While reaffirming the general principles stated at past colloquia, the participants reiterated the universality of fundamental rights and freedoms which was declared to derive from the moral principle of each individual's personal and equal autonomy and human dignity. That principle transcends national political systems and is in the keeping of the judiciary. Again, it is the vital duty of an independent, impartial and well-qualified judiciary, assisted by an independent, well-trained legal profession, to interpret and apply national constitutions and ordinary legislation in harmony with international human rights codes and customary international law, and to develop the common law in the light of the values and principles enshrined in international human rights law.

It is also pointed out that the provision of equal justice requires a competent and independent judiciary and legal profession trained in the discipline of the law and sensitive to the needs and aspirations of all the people.
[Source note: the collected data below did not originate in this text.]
(* Let $L$ be a Lie algebra over $\Phi$ and let $I$ be an ideal of $L$ which is strongly non-degenerate as a Lie algebra. Then: (i) $\mathrm{Ann}_L(I)=\mathrm{QAnn}_L(I)$; (ii) if $\mathrm{Ann}_L(I)=0$, then $L$ is strongly non-degenerate.
   Context: $\Phi$ is a unital commutative ring in which $2$ and $3$ are invertible; all algebras are $\Phi$-modules. An element $x$ of a Lie algebra $M$ is an absolute zero divisor if $[x,[x,M]]=0$; $M$ is strongly non-degenerate if it has no non-zero absolute zero divisors. For subsets $X,Y$ of a Lie algebra, $\mathrm{Ann}_X(Y)=\{x\in X: [x,Y]=0\}$ and $\mathrm{QAnn}_X(Y)=\{x\in X: [x,[x,Y]]=0\}$. *)

theory Defs
  imports Main
begin

text \<open>A Lie algebra over a commutative ring 'r: the carrier is the whole type 'a
  (an abelian group), with scalar multiplication smul and bracket br.\<close>

definition lie_algebra :: "('r::comm_ring_1 \<Rightarrow> 'a::ab_group_add \<Rightarrow> 'a) \<Rightarrow> ('a \<Rightarrow> 'a \<Rightarrow> 'a) \<Rightarrow> bool" where
  "lie_algebra smul br \<longleftrightarrow>
     (\<forall>r x y. smul r (x + y) = smul r x + smul r y) \<and>
     (\<forall>r s x. smul (r + s) x = smul r x + smul s x) \<and>
     (\<forall>r s x. smul (r * s) x = smul r (smul s x)) \<and>
     (\<forall>x. smul 1 x = x) \<and>
     (\<forall>x y z. br (x + y) z = br x z + br y z) \<and>
     (\<forall>x y z. br x (y + z) = br x y + br x z) \<and>
     (\<forall>r x y. br (smul r x) y = smul r (br x y)) \<and>
     (\<forall>r x y. br x (smul r y) = smul r (br x y)) \<and>
     (\<forall>x. br x x = 0) \<and>
     (\<forall>x y z. br x (br y z) + br y (br z x) + br z (br x y) = 0)"
lemma prob_sum_gt_linear_ge:
  fixes \<Omega> :: "'a measure" and Z :: "nat \<Rightarrow> 'a \<Rightarrow> real" and D :: "real measure"
  assumes \<Omega>: "prob_space \<Omega>"
    and indep: "prob_space.indep_vars \<Omega> (\<lambda>_. borel) Z {..<n}"
    and distr_Z: "\<And>i. i < n \<Longrightarrow> distr \<Omega> borel (Z i) = D"
    and nonneg: "AE x in D. 0 \<le> x"
    and M: "M > 0" and mean: "c + \<delta> \<le> (\<integral>x. clip M x \<partial>D)" and \<delta>: "\<delta> \<ge> 0"
  shows "1 - exp (-2 * real n * \<delta>^2 / M^2)
           \<le> measure \<Omega> {\<omega> \<in> space \<Omega>. c * real n < (\<Sum>i<n. Z i \<omega>)}"
proof (cases "n = 0")
  case True
  then show ?thesis by simp
next
  case False
  interpret prob_space \<Omega> by fact
  have [measurable]: "Z i \<in> borel_measurable \<Omega>" if "i < n" for i
    using indep that unfolding indep_vars_def by auto
  have Z_nonneg: "AE \<omega> in \<Omega>. \<forall>i\<in>{..<n}. 0 \<le> Z i \<omega>"
  proof (rule AE_finite_allI)
    fix i assume "i \<in> {..<n}"
    then show "AE \<omega> in \<Omega>. 0 \<le> Z i \<omega>"
      using nonneg distr_Z[of i] by (auto simp: AE_distr_iff)
  qed simp
  have "prob {\<omega> \<in> space \<Omega>. (\<Sum>i<n. Z i \<omega>) \<le> c * real n}
      \<le> prob {\<omega> \<in> space \<Omega>. (\<Sum>i<n. clip M (Z i \<omega>)) \<le> c * real n}"
  proof (rule finite_measure_mono_AE)
    show "AE \<omega> in \<Omega>. \<omega> \<in> {\<omega> \<in> space \<Omega>. (\<Sum>i<n. Z i \<omega>) \<le> c * real n}
        \<longrightarrow> \<omega> \<in> {\<omega> \<in> space \<Omega>. (\<Sum>i<n. clip M (Z i \<omega>)) \<le> c * real n}"
      using Z_nonneg
    proof eventually_elim
      case (elim \<omega>)
      then have "(\<Sum>i<n. clip M (Z i \<omega>)) \<le> (\<Sum>i<n. Z i \<omega>)"
        by (intro sum_mono) (simp add: clip_le_self)
      then show ?case by auto
    qed
  qed measurable
  also have "\<dots> \<le> exp (-2 * real n * \<delta>^2 / M^2)"
    using prob_sum_clip_le_exp[OF \<Omega> indep distr_Z _ M mean \<delta>] False by simp
  finally have "prob {\<omega> \<in> space \<Omega>. (\<Sum>i<n. Z i \<omega>) \<le> c * real n} \<le> exp (-2 * real n * \<delta>^2 / M^2)" .
  moreover have "prob {\<omega> \<in> space \<Omega>. c * real n < (\<Sum>i<n. Z i \<omega>)}
      = 1 - prob {\<omega> \<in> space \<Omega>. (\<Sum>i<n. Z i \<omega>) \<le> c * real n}"
    by (subst prob_compl[symmetric]) (auto intro: arg_cong[where f = prob])
  ultimately show ?thesis by simp
qed

lemma diagonal_index_sequence:
  fixes N :: "nat \<Rightarrow> nat"
  shows "\<exists>g :: nat \<Rightarrow> nat. filterlim g at_top sequentially \<and> (\<forall>\<^sub>F n in sequentially. N (g n) \<le> n)"
proof -
  define S where "S n = {k. k \<le> n \<and> (\<forall>j\<le>k. N j \<le> n)}" for n
  define g where "g n = Max (S n)" for n
  have in_S: "K \<le> g n \<and> g n \<in> S n" if "max K (Max (N ` {..K})) \<le> n" for K n
  proof -
    have "K \<in> S n"
      using that by (auto simp: S_def intro: order_trans[OF Max_ge])
    moreover have "finite (S n)"
      by (rule finite_subset[of _ "{..n}"]) (auto simp: S_def)
    ultimately show ?thesis
      unfolding g_def using Max_in Max_ge by blast
  qed
  have "filterlim g at_top sequentially"
    unfolding filterlim_at_top eventually_sequentially using in_S by blast
  moreover have "\<forall>\<^sub>F n in sequentially. N (g n) \<le> n"
    unfolding eventually_sequentially using in_S[of 0] by (auto simp: S_def)
  ultimately show ?thesis by blast
qed

lemma diagonal_tendsto_1:
  fixes p :: "real \<Rightarrow> nat \<Rightarrow> real"
  assumes lim: "\<And>c. p c \<longlonglongrightarrow> 1" and le_1: "\<And>c n. p c n \<le> 1"
  shows "\<exists>\<phi>. (\<forall>n. \<phi> n > 0) \<and> filterlim \<phi> at_top sequentially \<and> (\<lambda>n. p (\<phi> n) n) \<longlonglongrightarrow> 1"
proof -
  have "\<forall>\<^sub>F n in sequentially. 1 - 1 / (real k + 1) < p (real k + 1) n" for k
    using lim[of "real k + 1"] by (rule order_tendstoD) simp
  then have "\<forall>k. \<exists>N. \<forall>n\<ge>N. 1 - 1 / (real k + 1) < p (real k + 1) n"
    by (simp add: eventually_sequentially)
  then obtain N where N: "\<And>k n. N k \<le> n \<Longrightarrow> 1 - 1 / (real k + 1) < p (real k + 1) n"
    by metis
  obtain g where g: "filterlim g at_top sequentially" and g_N: "\<forall>\<^sub>F n in sequentially. N (g n) \<le> n"
    using diagonal_index_sequence by blast
  \<comment> \<open>At time \<open>n\<close> the level \<open>g n + 1\<close> is already within \<open>1 / (g n + 1)\<close> of its limit.\<close>
  define \<phi> where "\<phi> n = real (g n) + 1" for n
  have \<phi>: "filterlim \<phi> at_top sequentially"
    unfolding \<phi>_def add.commute[of _ 1]
    by (intro filterlim_tendsto_add_at_top[OF tendsto_const[of 1]]
          filterlim_compose[OF filterlim_real_sequentially g])
  have "(\<lambda>n. 1 - 1 / \<phi> n) \<longlonglongrightarrow> 1 - 0"
    by (intro tendsto_diff tendsto_const tendsto_divide_0[OF tendsto_const]
          filterlim_at_top_imp_at_infinity[OF \<phi>])
  then have lower_lim: "(\<lambda>n. 1 - 1 / \<phi> n) \<longlonglongrightarrow> 1"
    by simp
  have lower: "\<forall>\<^sub>F n in sequentially. 1 - 1 / \<phi> n \<le> p (\<phi> n) n"
    using g_N by eventually_elim (use N in \<open>force simp: \<phi>_def\<close>)
  have "(\<lambda>n. p (\<phi> n) n) \<longlonglongrightarrow> 1"
    by (rule tendsto_sandwich[OF lower _ lower_lim tendsto_const]) (simp add: le_1)
  moreover have "\<phi> n > 0" for n
    by (simp add: \<phi>_def)
  ultimately show ?thesis
    using \<phi> by blast
qed

lemma prob_sum_gt_linear_tendsto_1:
  fixes D :: "nat \<Rightarrow> real measure" and L :: "real measure"
    and \<Omega> :: "nat \<Rightarrow> 'a measure" and Z :: "nat \<Rightarrow> nat \<Rightarrow> 'a \<Rightarrow> real"
  assumes D: "\<And>n. real_distribution (D n)" and L: "real_distribution L"
    and conv: "weak_conv_m D L"
    and D_nonneg: "\<And>n. AE x in D n. 0 \<le> x"
    and infinite_mean: "(\<integral>\<^sup>+ x. ennreal x \<partial>L) = \<infinity>"
    and \<Omega>: "\<And>n. prob_space (\<Omega> n)"
    and indep: "\<And>n. prob_space.indep_vars (\<Omega> n) (\<lambda>_. borel) (Z n) {..<n}"
    and distr_Z: "\<And>n i. i < n \<Longrightarrow> distr (\<Omega> n) borel (Z n i) = D n"
  shows "(\<lambda>n. measure (\<Omega> n) {\<omega> \<in> space (\<Omega> n). c * real n < (\<Sum>i<n. Z n i \<omega>)}) \<longlonglongrightarrow> 1"
proof -
  interpret L: real_distribution L by fact
  obtain M where M: "M > 0" and c_lt: "c < (\<integral>x. clip M x \<partial>L)"
    using integral_clip_unbounded[OF _ L.events_eq_borel infinite_mean] L.finite_measure_axioms
    by blast
  define \<delta> where "\<delta> = ((\<integral>x. clip M x \<partial>L) - c) / 2"
  have \<delta>: "\<delta> > 0" "c + \<delta> < (\<integral>x. clip M x \<partial>L)"
    using c_lt by (simp_all add: \<delta>_def field_simps)
  have mean_lim: "(\<lambda>n. \<integral>x. clip M x \<partial>D n) \<longlonglongrightarrow> (\<integral>x. clip M x \<partial>L)"
    using M by (intro weak_conv_imp_integral_bdd_continuous_conv[OF D L conv isCont_clip, where B = M])
      (simp add: clip_nonneg clip_le)
  have mean: "\<forall>\<^sub>F n in sequentially. c + \<delta> \<le> (\<integral>x. clip M x \<partial>D n)"
    using order_tendstoD(1)[OF mean_lim \<delta>(2)] by (rule eventually_mono) simp
  define p where "p n = measure (\<Omega> n) {\<omega> \<in> space (\<Omega> n). c * real n < (\<Sum>i<n. Z n i \<omega>)}" for n
  have lower: "\<forall>\<^sub>F n in sequentially. 1 - exp (-2 * real n * \<delta>^2 / M^2) \<le> p n"
    using mean unfolding p_def
    by eventually_elim (rule prob_sum_gt_linear_ge[OF \<Omega> indep distr_Z D_nonneg M _ less_imp_le[OF \<delta>(1)]])
  have "(\<lambda>n. 1 - exp (-2 * real n * \<delta>^2 / M^2)) \<longlonglongrightarrow> 1"
    using \<delta>(1) M by real_asymp
  moreover have "p n \<le> 1" for n
    unfolding p_def by (rule prob_space.prob_le_1[OF \<Omega>])
  ultimately show ?thesis
    unfolding p_def[symmetric]
    by (intro tendsto_sandwich[OF lower _ _ tendsto_const]) auto
qed
(* Let $I$ be a finite set with $|I|=n$. The linear map $\mathcal G:\mathbf M[I]\to\mathbb R[U_\alpha:\alpha\in\{0,1\}^n]$, $$\mathcal G(M)=\sum_{\ell}U_{\mathrm{rkjump}_M(\ell)},$$ summing over all linear orders $\ell=(\ell_1,\dots,\ell_n)$ of $I$, is a strong valuation on matroids: there is a linear map $\hat{\mathcal G}$ on the span of indicator functions of matroid polytopes of matroids on $I$ with $\mathcal G(M)=\hat{\mathcal G}(\mathbb 1_{P(M)})$ for every matroid $M$ on $I$.
   Context: A matroid $M$ on $I$ is a nonempty collection of subsets of $I$ (bases) satisfying the basis exchange axiom; its rank function is $\operatorname{rk}(J)=\max_B|J\cap B|$ over bases $B$. $\mathbf M[I]$ is the vector space with basis the matroids on $I$; $P(M)=\operatorname{conv}\{\sum_{b\in B}e_b: B\text{ a basis}\}$. For a linear order $\ell=(\ell_1,\dots,\ell_n)$ of $I$, $\mathrm{rkjump}_M(\ell)\in\{0,1\}^n$ has $i$-th entry $\operatorname{rk}(\{\ell_1,\dots,\ell_i\})-\operatorname{rk}(\{\ell_1,\dots,\ell_{i-1}\})$. The $U_\alpha$ are independent commuting variables indexed by $\{0,1\}^n$. *)

theory Defs
  imports "HOL-Analysis.Analysis" "HOL-Library.Poly_Mapping"
begin

text \<open>Matroids on the ground set I, where I is taken to be the finite type 'a
  (i.e. I = UNIV). A matroid is given by its nonempty set of bases satisfying
  the basis exchange axiom.\<close>

definition is_matroid :: "'a set set \<Rightarrow> bool" where
  "is_matroid \<B> \<longleftrightarrow> \<B> \<noteq> {} \<and>
     (\<forall>B1\<in>\<B>. \<forall>B2\<in>\<B>. \<forall>x\<in>B1 - B2. \<exists>y\<in>B2 - B1. insert y (B1 - {x}) \<in> \<B>)"

definition mrank :: "'a set set \<Rightarrow> 'a set \<Rightarrow> nat" where
  "mrank \<B> J = Max ((\<lambda>B. card (J \<inter> B)) ` \<B>)"

definition linear_orders :: "'a::finite list set" where
  "linear_orders = {l. distinct l \<and> set l = UNIV}"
It is fundamental for a country's judiciary and legal profession to enjoy the broad confidence of the people they serve. Public confidence in the judiciary depends not only on the institutional arrangements for protecting its independence from political pressures but also on the transparency and legitimacy of the manner in which judges are selected. Any mechanism, including judicial service commissions, should ensure that persons are selected because of their proven integrity, ability and independence and that the views of the existing judiciary are given appropriate weight.

Meanwhile the Concluding Statement also emphasizes that freedom of expression is essential to safeguard democracy and human rights. The protection of freedom of expression in its widest sense is a chief responsibility of the judiciary. In this same context, public interest litigation has a special role to play in protecting the human rights of disadvantaged sections of the population. Judgments in such cases should be based on clear constitutional and legal criteria; they should be enforceable and effective, keeping in mind the rights and interests of those not party to the litigation; and they should be subject to appeal or judicial review. The principles of human rights should moreover be brought into the daily activities of government and public officials alike, as well as of ordinary men and women.

Furthermore the jurisprudence of international and regional human rights bodies and the decisions of courts throughout the Commonwealth should be disseminated to judges, lawyers and public officials. In these ways a global culture of respect for human rights can be fostered. It is in this context that a South Asian charter of human rights, similar to regional human rights conventions elsewhere, would make a significant contribution to the protection of human rights throughout South Asia. The Statement concludes by reminding that the making of such a charter should be given a high priority.